**EXERCISE REQUIREMENTS**
Copy out the records again. Change nothing.

(Beginning of DATASET ENTRIES)

lemma AE_zero_if_nn_integral_abs_arbitrarily_small:
  fixes f :: "'a \<Rightarrow> real"
  assumes [measurable]: "f \<in> borel_measurable M"
    and small: "\<And>e. 0 < e \<Longrightarrow> (\<integral>\<^sup>+x. ennreal \<bar>f x\<bar> \<partial>M) \<le> ennreal e"
  shows "AE x in M. f x = 0"
proof -
  have "(\<integral>\<^sup>+x. ennreal \<bar>f x\<bar> \<partial>M) \<le> 0"
    by (rule ennreal_le_epsilon) (use small in auto)
  then have "(\<integral>\<^sup>+x. ennreal \<bar>f x\<bar> \<partial>M) = 0" by simp
  then have "AE x in M. ennreal \<bar>f x\<bar> = 0"
    by (subst (asm) nn_integral_0_iff_AE) auto
  then show ?thesis by (auto elim!: eventually_mono)
qed

lemma integral_abs_sq_diff_linearization_le:
  fixes R Q D :: "'a \<Rightarrow> real"
  assumes [measurable]: "R \<in> borel_measurable M" "Q \<in> borel_measurable M" "D \<in> borel_measurable M"
    and iR: "integrable M (\<lambda>x. (R x)^2)" and iQ: "integrable M (\<lambda>x. (Q x)^2)"
    and iD: "integrable M (\<lambda>x. (D x)^2)" and iE: "integrable M (\<lambda>x. (R x - Q x - t * D x)^2)"
    and l: "0 < l"
  shows "(\<integral>x. \<bar>(R x)^2 - (Q x)^2 - 2 * t * D x * Q x\<bar> \<partial>M)
        \<le> (\<integral>x. (R x - Q x - t * D x)^2 \<partial>M) / (2 * l)
          + 3 * l / 2 * ((\<integral>x. (R x)^2 \<partial>M) + (\<integral>x. (Q x)^2 \<partial>M) + t^2 * (\<integral>x. (D x)^2 \<partial>M))
          + t^2 * (\<integral>x. (D x)^2 \<partial>M)"
proof -
  define B where "B x = (R x - Q x - t * D x)^2 / (2 * l)
    + 3 * l / 2 * ((R x)^2 + (Q x)^2 + t^2 * (D x)^2) + t^2 * (D x)^2" for x
  have iB: "integrable M B" unfolding B_def using iE iR iQ iD by simp
  have pw: "\<bar>(R x)^2 - (Q x)^2 - 2 * t * D x * Q x\<bar> \<le> B x" for x
    unfolding B_def by (rule abs_sq_diff_linearization_le[OF l])
  have iG: "integrable M (\<lambda>x. \<bar>(R x)^2 - (Q x)^2 - 2 * t * D x * Q x\<bar>)"
    by (rule Bochner_Integration.integrable_bound[OF iB]) (auto intro: order.trans[OF pw abs_ge_self])
  have "(\<integral>x. \<bar>(R x)^2 - (Q x)^2 - 2 * t * D x * Q x\<bar> \<partial>M) \<le> (\<integral>x. B x \<partial>M)"
    by (rule integral_mono[OF iG iB pw])
  also have "\<dots> = (\<integral>x. (R x - Q x - t * D x)^2 \<partial>M) / (2 * l)
      + 3 * l / 2 * ((\<integral>x. (R x)^2 \<partial>M) + (\<integral>x. (Q x)^2 \<partial>M) + t^2 * (\<integral>x. (D x)^2 \<partial>M))
      + t^2 * (\<integral>x. (D x)^2 \<partial>M)"
    unfolding B_def using iE iR iQ iD by simp
  finally show ?thesis .
qed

(End of DATASET ENTRIES)

**ANSWER BELOW**
lemma AE_zero_if_nn_integral_abs_arbitrarily_small:
  fixes f :: "'a \<Rightarrow> real"
  assumes [measurable]: "f \<in> borel_measurable M"
    and small: "\<And>e. 0 < e \<Longrightarrow> (\<integral>\<^sup>+x. ennreal \<bar>f x\<bar> \<partial>M) \<le> ennreal e"
  shows "AE x in M. f x = 0"
proof -
  have "(\<integral>\<^sup>+x. ennreal \<bar>f x\<bar> \<partial>M) \<le> 0"
    by (rule ennreal_le_epsilon) (use small in auto)
  then have "(\<integral>\<^sup>+x. ennreal \<bar>f x\<bar> \<partial>M) = 0" by simp
  then have "AE x in M. ennreal \<bar>f x\<bar> = 0"
    by (subst (asm) nn_integral_0_iff_AE) auto
  then show ?thesis by (auto elim!: eventually_mono)
qed

lemma integral_abs_sq_diff_linearization_le:
  fixes R Q D :: "'a \<Rightarrow> real"
  assumes [measurable]: "R \<in> borel_measurable M" "Q \<in> borel_measurable M" "D \<in> borel_measurable M"
    and iR: "integrable M (\<lambda>x. (R x)^2)" and iQ: "integrable M (\<lambda>x. (Q x)^2)"
    and iD: "integrable M (\<lambda>x. (D x)^2)" and iE: "integrable M (\<lambda>x. (R x - Q x - t * D x)^2)"
    and l: "0 < l"
  shows "(\<integral>x. \<bar>(R x)^2 - (Q x)^2 - 2 * t * D x * Q x\<bar> \<partial>M)
        \<le> (\<integral>x. (R x - Q x - t * D x)^2 \<partial>M) / (2 * l)
          + 3 * l / 2 * ((\<integral>x. (R x)^2 \<partial>M) + (\<integral>x. (Q x)^2 \<partial>M) + t^2 * (\<integral>x. (D x)^2 \<partial>M))
          + t^2 * (\<integral>x. (D x)^2 \<partial>M)"
proof -
  define B where "B x = (R x - Q x - t * D x)^2 / (2 * l)
    + 3 * l / 2 * ((R x)^2 + (Q x)^2 + t^2 * (D x)^2) + t^2 * (D x)^2" for x
  have iB: "integrable M B" unfolding B_def using iE iR iQ iD by simp
  have pw: "\<bar>(R x)^2 - (Q x)^2 - 2 * t * D x * Q x\<bar> \<le> B x" for x
    unfolding B_def by (rule abs_sq_diff_linearization_le[OF l])
  have iG: "integrable M (\<lambda>x. \<bar>(R x)^2 - (Q x)^2 - 2 * t * D x * Q x\<bar>)"
    by (rule Bochner_Integration.integrable_bound[OF iB]) (auto intro: order.trans[OF pw abs_ge_self])
  have "(\<integral>x. \<bar>(R x)^2 - (Q x)^2 - 2 * t * D x * Q x\<bar> \<partial>M) \<le> (\<integral>x. B x \<partial>M)"
    by (rule integral_mono[OF iG iB pw])
  also have "\<dots> = (\<integral>x. (R x - Q x - t * D x)^2 \<partial>M) / (2 * l)
      + 3 * l / 2 * ((\<integral>x. (R x)^2 \<partial>M) + (\<integral>x. (Q x)^2 \<partial>M) + t^2 * (\<integral>x. (D x)^2 \<partial>M))
      + t^2 * (\<integral>x. (D x)^2 \<partial>M)"
    unfolding B_def using iE iR iQ iD by simp
  finally show ?thesis .
qed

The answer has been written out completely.